*** Opening MATERIAL SHOWN ***

(* Let $k$ be a positive integer and let $p$ be the smallest positive integer such that $k<\kappa_p$ (in dimension $d=2$). If $p$ is a multiple of $4$ and $k-\kappa_{p-1}$ is an odd multiple of $p/2$, then $\delta_z(2,k)\neq\lfloor\lambda(2,k)\rfloor$.
   Context: A point of $\mathbb{Z}^2$ is primitive if its coordinates are relatively prime; $\mathbb{P}^2_\circ$ denotes the set of primitive points of $\mathbb{Z}^2$ whose first non-zero coordinate is positive. For a finite $\mathcal{X}\subset\mathbb{R}^2$, $\kappa(\mathcal{X})=\max_{i\in\{1,2\}}\sum_{x\in\mathcal{X}}|x_i|$, and $\delta_z(2,k)=\max\{|\mathcal{X}|:\mathcal{X}\subset\mathbb{P}^2_\circ,\ \kappa(\mathcal{X})\le k\}$. $B(2,p)=\{x\in\mathbb{R}^2:\|x\|_1\le p\}$; $N_p=|B(2,p)\cap\mathbb{P}^2_\circ|$ and $\kappa_p=\kappa(B(2,p)\cap\mathbb{P}^2_\circ)$ (with $N_0=\kappa_0=0$). With $p$ as in the claim, $\lambda(2,k)=N_{p-1}+\frac{2(k-\kappa_{p-1})}{p}$. *)

theory Defs
  imports Complex_Main
begin

definition prim_pos :: "(int \<times> int) set" where
  "prim_pos = {(a, b). gcd a b = 1 \<and> (a > 0 \<or> (a = 0 \<and> b > 0))}"

definition kappa :: "(int \<times> int) set \<Rightarrow> int" where
  "kappa X = max (\<Sum>x\<in>X. \<bar>fst x\<bar>) (\<Sum>x\<in>X. \<bar>snd x\<bar>)"

definition delta_z2 :: "nat \<Rightarrow> nat" where
  "delta_z2 k = Max {card X | X. X \<subseteq> prim_pos \<and> finite X \<and> kappa X \<le> int k}"

definition ball1 :: "nat \<Rightarrow> (int \<times> int) set" where
  "ball1 p = {x. \<bar>fst x\<bar> + \<bar>snd x\<bar> \<le> int p}"

definition N_p :: "nat \<Rightarrow> nat" where
  "N_p p = card (ball1 p \<inter> prim_pos)"

definition kappa_p :: "nat \<Rightarrow> int" where
  "kappa_p p = kappa (ball1 p \<inter> prim_pos)"

definition p_of :: "nat \<Rightarrow> nat" where
  "p_of k = (LEAST p. 0 < p \<and> int k < kappa_p p)"

definition lambda2 :: "nat \<Rightarrow> real" where
  "lambda2 k = (let p = p_of k in
     real (N_p (p - 1)) + 2 * real_of_int (int k - kappa_p (p - 1)) / real p)"

end

theory Submission
  imports Defs
begin

text \<open>
  Put \<open>P = p_of k\<close>, let \<open>B\<close> be the primitive points of l1-norm at most \<open>P - 1\<close>
  and write \<open>k = \<kappa>\<^sub>P\<^sub>-\<^sub>1 + m P/2\<close> with \<open>m\<close> odd, so that \<open>\<lambda>(2,k) = |B| + m\<close>
  is an integer. By the symmetry \<open>(a,b) \<mapsto> (b,a)\<close> the norms over \<open>B\<close> add up to
  \<open>2\<kappa>\<^sub>P\<^sub>-\<^sub>1\<close>, while an admissible set \<open>X\<close> (one with \<open>\<kappa>(X) \<le> k\<close>) of size
  \<open>|B| + m\<close> has norm sum at most \<open>2k = 2\<kappa>\<^sub>P\<^sub>-\<^sub>1 + mP\<close>. Points outside \<open>B\<close>
  have norm at least \<open>P\<close> and points of \<open>B\<close> norm below \<open>P\<close>, so this is only possible
  if \<open>B \<subseteq> X\<close>, every point of \<open>X - B\<close> has norm exactly \<open>P\<close>, and both coordinate
  sums of \<open>X\<close> equal \<open>k\<close>. A primitive point of even norm has odd coordinates, so
  the first coordinates over \<open>X - B\<close> are \<open>m\<close> odd numbers whose sum \<open>mP/2\<close> is even
  because \<open>4\<close> divides \<open>P\<close>: a parity contradiction.
\<close>

definition norm1 :: "int \<times> int \<Rightarrow> int" where
  "norm1 x = \<bar>fst x\<bar> + \<bar>snd x\<bar>"

lemma ball1_eq: "ball1 p = {x. norm1 x \<le> int p}"
  by (simp add: ball1_def norm1_def)

lemma sum_norm1: "sum norm1 X = (\<Sum>x\<in>X. \<bar>fst x\<bar>) + (\<Sum>x\<in>X. \<bar>snd x\<bar>)"
  by (simp add: norm1_def sum.distrib)

lemma norm1_prim_pos_ge_1: "x \<in> prim_pos \<Longrightarrow> 1 \<le> norm1 x"
  by (cases x) (auto simp: prim_pos_def norm1_def)

lemma kappa_p_0: "kappa_p 0 = 0"
proof -
  have "ball1 0 \<inter> prim_pos = {}"
    using norm1_prim_pos_ge_1 by (fastforce simp: ball1_eq)
  then show ?thesis
    by (simp add: kappa_p_def kappa_def)
qed

lemma finite_ball1: "finite (ball1 p)"
proof (rule finite_subset)
  show "ball1 p \<subseteq> {- int p..int p} \<times> {- int p..int p}"
    by (auto simp: ball1_def)
qed simp

text \<open>The signs are chosen so that the image lies in \<open>prim_pos\<close> again;
  \<open>(1,0)\<close> and \<open>(0,1)\<close> are exchanged.\<close>
definition prim_swap :: "int \<times> int \<Rightarrow> int \<times> int" where
  "prim_swap x = (if snd x > 0 then (snd x, fst x)
     else if snd x < 0 then (- snd x, - fst x) else (0, \<bar>fst x\<bar>))"

lemma prim_swap_prim_swap: "x \<in> prim_pos \<Longrightarrow> prim_swap (prim_swap x) = x"
  by (cases x) (auto simp: prim_swap_def prim_pos_def)

lemma abs_fst_prim_swap: "x \<in> prim_pos \<Longrightarrow> \<bar>fst (prim_swap x)\<bar> = \<bar>snd x\<bar>"
  by (cases x) (auto simp: prim_swap_def prim_pos_def)

lemma norm1_prim_swap: "x \<in> prim_pos \<Longrightarrow> norm1 (prim_swap x) = norm1 x"
  by (cases x) (auto simp: prim_swap_def prim_pos_def norm1_def)

lemma prim_swap_prim_pos:
  assumes "x \<in> prim_pos"
  shows "prim_swap x \<in> prim_pos"
proof (cases x)
  case (Pair a b)
  with assms have "gcd a b = 1" "a > 0 \<or> (a = 0 \<and> b > 0)"
    by (auto simp: prim_pos_def)
  moreover from calculation have "b = 0 \<Longrightarrow> a = 1"
    by auto
  ultimately show ?thesis
    using Pair by (auto simp: prim_swap_def prim_pos_def gcd.commute)
qed

lemma sum_abs_snd_ball1_prim_pos:
  "(\<Sum>x\<in>ball1 p \<inter> prim_pos. \<bar>snd x\<bar>) = (\<Sum>x\<in>ball1 p \<inter> prim_pos. \<bar>fst x\<bar>)"
  by (rule sum.reindex_bij_witness[where i = prim_swap and j = prim_swap])
     (simp_all add: prim_swap_prim_swap abs_fst_prim_swap prim_swap_prim_pos norm1_prim_swap ball1_eq)

lemma kappa_p_eq_sum_abs_fst: "kappa_p p = (\<Sum>x\<in>ball1 p \<inter> prim_pos. \<bar>fst x\<bar>)"
  by (simp add: kappa_p_def kappa_def sum_abs_snd_ball1_prim_pos)

lemma sum_norm1_ball1_prim_pos: "sum norm1 (ball1 p \<inter> prim_pos) = 2 * kappa_p p"
  by (simp add: sum_norm1 sum_abs_snd_ball1_prim_pos kappa_p_eq_sum_abs_fst)

lemma sum_exchange:
  fixes f :: "'a \<Rightarrow> int"
  assumes "finite X" "finite B"
  shows "sum f X = sum f B + c * (int (card X) - int (card B))
    + (\<Sum>x\<in>X - B. f x - c) + (\<Sum>x\<in>B - X. c - f x)"
proof -
  have "sum f X = sum f (X \<inter> B) + sum f (X - B)" "card X = card (X \<inter> B) + card (X - B)"
    using assms(1) by (rule sum.Int_Diff, rule card_Int_Diff)
  moreover have "sum f B = sum f (X \<inter> B) + sum f (B - X)" "card B = card (X \<inter> B) + card (B - X)"
    using assms(2) by (simp_all add: sum.Int_Diff[of B _ X] card_Int_Diff[of B X] Int_commute)
  ultimately show ?thesis
    by (simp add: sum_subtractf algebra_simps)
qed

lemma sum_le_exchange_imp:
  fixes f :: "'a \<Rightarrow> int"
  assumes "finite X" "finite B"
    and outside: "\<And>x. x \<in> X - B \<Longrightarrow> c \<le> f x"
    and inside: "\<And>x. x \<in> B - X \<Longrightarrow> f x < c"
    and le: "sum f X \<le> sum f B + c * (int (card X) - int (card B))"
  shows "B \<subseteq> X" and "\<And>x. x \<in> X - B \<Longrightarrow> f x = c"
proof -
  have nonneg: "0 \<le> (\<Sum>x\<in>X - B. f x - c)" "0 \<le> (\<Sum>x\<in>B - X. c - f x)"
    using outside inside by (auto intro: sum_nonneg simp: less_imp_le)
  with le sum_exchange[OF assms(1,2), of f c]
  have zero: "(\<Sum>x\<in>X - B. f x - c) = 0" "(\<Sum>x\<in>B - X. c - f x) = 0"
    by linarith+
  have "B - X = {}"
    using zero(2) inside sum_nonneg_eq_0_iff[of "B - X" "\<lambda>x. c - f x"] assms(2)
    by (fastforce simp: less_imp_le)
  then show "B \<subseteq> X" by blast
  show "f x = c" if "x \<in> X - B" for x
    using zero(1) outside sum_nonneg_eq_0_iff[of "X - B" "\<lambda>x. f x - c"] assms(1) that
    by fastforce
qed

lemma odd_if_coprime_even_abs_add:
  fixes a b :: int
  assumes "coprime a b" "even (\<bar>a\<bar> + \<bar>b\<bar>)"
  shows "odd a"
proof
  assume "even a"
  with assms(2) have "even b" by simp
  with \<open>even a\<close> assms(1) show False
    by (metis coprime_common_divisor odd_one)
qed

lemma even_sum_odd_iff:
  fixes f :: "'a \<Rightarrow> 'b::semiring_parity"
  assumes "finite C" "\<And>x. x \<in> C \<Longrightarrow> odd (f x)"
  shows "even (sum f C) \<longleftrightarrow> even (card C)"
proof -
  have "{x \<in> C. odd (f x)} = C"
    using assms(2) by blast
  with assms(1) show ?thesis
    by (simp add: even_sum_iff)
qed

lemma card_le_twice_kappa:
  assumes "finite X" "X \<subseteq> prim_pos"
  shows "int (card X) \<le> 2 * kappa X"
proof -
  have "int (card X) = (\<Sum>x\<in>X. 1)" by simp
  also have "\<dots> \<le> sum norm1 X"
    using assms norm1_prim_pos_ge_1 by (intro sum_mono) auto
  also have "\<dots> \<le> 2 * kappa X"
    by (simp add: sum_norm1 kappa_def)
  finally show ?thesis .
qed

lemma delta_z2_attained:
  obtains X where "X \<subseteq> prim_pos" "finite X" "kappa X \<le> int k" "card X = delta_z2 k"
proof -
  define S where "S = {card X | X. X \<subseteq> prim_pos \<and> finite X \<and> kappa X \<le> int k}"
  have "card X \<le> 2 * k" if "X \<subseteq> prim_pos" "finite X" "kappa X \<le> int k" for X
    using card_le_twice_kappa[OF that(2,1)] that(3) by linarith
  then have "S \<subseteq> {..2 * k}"
    unfolding S_def by auto
  then have "finite S" by (rule finite_subset) simp
  moreover have "card {} \<in> S"
    unfolding S_def kappa_def by force
  ultimately have "delta_z2 k \<in> S"
    unfolding delta_z2_def S_def[symmetric] by (intro Max_in) auto
  then show thesis
    using that unfolding S_def by auto
qed

lemma admissible_set_extends_ball1:
  fixes P :: nat and m :: int
  defines "B \<equiv> ball1 (P - 1) \<inter> prim_pos"
  assumes "0 < P" and X: "X \<subseteq> prim_pos" "finite X"
    and kappa_X: "2 * kappa X \<le> 2 * kappa_p (P - 1) + m * int P"
    and card_X: "int (card X) = int (N_p (P - 1)) + m"
  shows "B \<subseteq> X" and "\<And>x. x \<in> X - B \<Longrightarrow> norm1 x = int P"
    and "2 * (\<Sum>x\<in>X. \<bar>fst x\<bar>) = 2 * kappa_p (P - 1) + m * int P"
proof -
  have "finite B"
    by (simp add: B_def finite_ball1)
  have sums_X: "2 * (\<Sum>x\<in>X. \<bar>fst x\<bar>) \<le> 2 * kappa_p (P - 1) + m * int P"
    "2 * (\<Sum>x\<in>X. \<bar>snd x\<bar>) \<le> 2 * kappa_p (P - 1) + m * int P"
    using kappa_X by (simp_all add: kappa_def)
  have norm_B: "sum norm1 B = 2 * kappa_p (P - 1)"
    by (simp add: B_def sum_norm1_ball1_prim_pos)
  have card_diff: "int (card X) - int (card B) = m"
    using card_X by (simp add: B_def N_p_def)
  have "sum norm1 X \<le> sum norm1 B + int P * (int (card X) - int (card B))"
    using sums_X norm_B card_diff unfolding sum_norm1 by (simp add: algebra_simps)
  moreover have "int P \<le> norm1 x" if "x \<in> X - B" for x
  proof -
    have "x \<notin> ball1 (P - 1)"
      using that X(1) by (auto simp: B_def)
    with \<open>0 < P\<close> show ?thesis
      by (simp add: ball1_eq)
  qed
  moreover have "norm1 x < int P" if "x \<in> B - X" for x
    using that \<open>0 < P\<close> by (simp add: B_def ball1_eq)
  ultimately show "B \<subseteq> X" and norm_P: "\<And>x. x \<in> X - B \<Longrightarrow> norm1 x = int P"
    using sum_le_exchange_imp[OF \<open>finite X\<close> \<open>finite B\<close>] by blast+
  then have B_X: "B - X = {}"
    by blast
  from norm_P card_diff have "sum norm1 X = sum norm1 B + int P * m"
    using sum_exchange[OF \<open>finite X\<close> \<open>finite B\<close>, of norm1 "int P"] by (simp add: B_X)
  with sums_X norm_B show "2 * (\<Sum>x\<in>X. \<bar>fst x\<bar>) = 2 * kappa_p (P - 1) + m * int P"
    unfolding sum_norm1 by (simp add: algebra_simps)
qed

lemma no_admissible_set:
  fixes m :: int
  assumes "4 dvd P" "0 < P" "odd m"
    and X: "X \<subseteq> prim_pos" "finite X"
    and kappa_X: "2 * kappa X \<le> 2 * kappa_p (P - 1) + m * int P"
    and card_X: "int (card X) = int (N_p (P - 1)) + m"
  shows False
proof -
  define B where "B = ball1 (P - 1) \<inter> prim_pos"
  note extends = admissible_set_extends_ball1[OF \<open>0 < P\<close> X kappa_X card_X, folded B_def]
  have "finite B"
    by (simp add: B_def finite_ball1)
  have card_outside: "int (card (X - B)) = m"
    using card_X card_Diff_subset[OF \<open>finite B\<close> extends(1)] card_mono[OF \<open>finite X\<close> extends(1)]
    by (simp add: of_nat_diff B_def N_p_def)
  have "(\<Sum>x\<in>X. \<bar>fst x\<bar>) = kappa_p (P - 1) + (\<Sum>x\<in>X - B. \<bar>fst x\<bar>)"
    using sum.subset_diff[OF extends(1) \<open>finite X\<close>, of "\<lambda>x. \<bar>fst x\<bar>"]
    by (simp add: B_def kappa_p_eq_sum_abs_fst)
  with extends(3) have "2 * (\<Sum>x\<in>X - B. \<bar>fst x\<bar>) = m * int P"
    by simp
  with \<open>4 dvd P\<close> have "even (\<Sum>x\<in>X - B. \<bar>fst x\<bar>)"
    by (auto elim!: dvdE)
  moreover have "odd \<bar>fst x\<bar>" if "x \<in> X - B" for x
  proof -
    from that X have "coprime (fst x) (snd x)"
      by (auto simp: prim_pos_def coprime_iff_gcd_eq_1)
    moreover have "even (\<bar>fst x\<bar> + \<bar>snd x\<bar>)"
      using extends(2)[OF that] \<open>4 dvd P\<close> by (auto simp: norm1_def elim!: dvdE)
    ultimately have "odd (fst x)"
      by (rule odd_if_coprime_even_abs_add)
    then show ?thesis
      by simp
  qed
  ultimately have "even (card (X - B))"
    using even_sum_odd_iff[of "X - B" "\<lambda>x. \<bar>fst x\<bar>"] \<open>finite X\<close> by blast
  with card_outside \<open>odd m\<close> show False
    by (metis even_of_nat)
qed

lemma lambda2_eq:
  fixes m :: int
  assumes "0 < p_of k" "even (p_of k)"
    and "int k - kappa_p (p_of k - 1) = m * (int (p_of k) div 2)"
  shows "lambda2 k = real (N_p (p_of k - 1)) + real_of_int m"
proof -
  from assms(2) obtain q where q: "p_of k = 2 * q"
    by (elim evenE)
  with assms(3) have "int k - kappa_p (p_of k - 1) = m * int q"
    by simp
  then have "real_of_int (int k - kappa_p (p_of k - 1)) = real_of_int m * real q"
    by (metis of_int_mult of_int_of_nat_eq)
  moreover have "real q \<noteq> 0"
    using assms(1) q by simp
  ultimately have "2 * real_of_int (int k - kappa_p (p_of k - 1)) / real (p_of k) = real_of_int m"
    using q by simp
  then show ?thesis
    by (simp add: lambda2_def Let_def)
qed

theorem lemma3p3:
  fixes k :: nat
  assumes "0 < k"
    and "4 dvd p_of k"
    and "\<exists>m::int. odd m \<and> int k - kappa_p (p_of k - 1) = m * (int (p_of k) div 2)"
  shows "int (delta_z2 k) \<noteq> \<lfloor>lambda2 k\<rfloor>"
proof
  assume delta_eq: "int (delta_z2 k) = \<lfloor>lambda2 k\<rfloor>"
  obtain m :: int where "odd m" and k_eq: "int k - kappa_p (p_of k - 1) = m * (int (p_of k) div 2)"
    using assms(3) by blast
  have "0 < p_of k"
    using k_eq \<open>0 < k\<close> kappa_p_0 by (cases "p_of k") auto
  have "2 * int k = 2 * kappa_p (p_of k - 1) + m * int (p_of k)"
    using k_eq \<open>4 dvd p_of k\<close> by (auto elim!: dvdE)
  have "lambda2 k = real (N_p (p_of k - 1)) + real_of_int m"
    using \<open>0 < p_of k\<close> \<open>4 dvd p_of k\<close> k_eq by (intro lambda2_eq) auto
  with delta_eq have card_eq: "int (delta_z2 k) = int (N_p (p_of k - 1)) + m"
    by simp
  obtain X where X: "X \<subseteq> prim_pos" "finite X" "kappa X \<le> int k" and "card X = delta_z2 k"
    by (rule delta_z2_attained)
  with card_eq \<open>2 * int k = _\<close> show False
    using no_admissible_set[OF \<open>4 dvd p_of k\<close> \<open>0 < p_of k\<close> \<open>odd m\<close> X(1,2)] by simp
qed

end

*** Closing MATERIAL SHOWN ***

> _EXERCISE BRIEF_
In the listing above, find the line with "using card_X card_Diff_subset[OF" and the line with "with extends(3) have", then reproduce both and every line between them exactly.

> _ANSWER TO THIS PROBLEM_
    using card_X card_Diff_subset[OF \<open>finite B\<close> extends(1)] card_mono[OF \<open>finite X\<close> extends(1)]
    by (simp add: of_nat_diff B_def N_p_def)
  have "(\<Sum>x\<in>X. \<bar>fst x\<bar>) = kappa_p (P - 1) + (\<Sum>x\<in>X - B. \<bar>fst x\<bar>)"
    using sum.subset_diff[OF extends(1) \<open>finite X\<close>, of "\<lambda>x. \<bar>fst x\<bar>"]
    by (simp add: B_def kappa_p_eq_sum_abs_fst)
  with extends(3) have "2 * (\<Sum>x\<in>X - B. \<bar>fst x\<bar>) = m * int P"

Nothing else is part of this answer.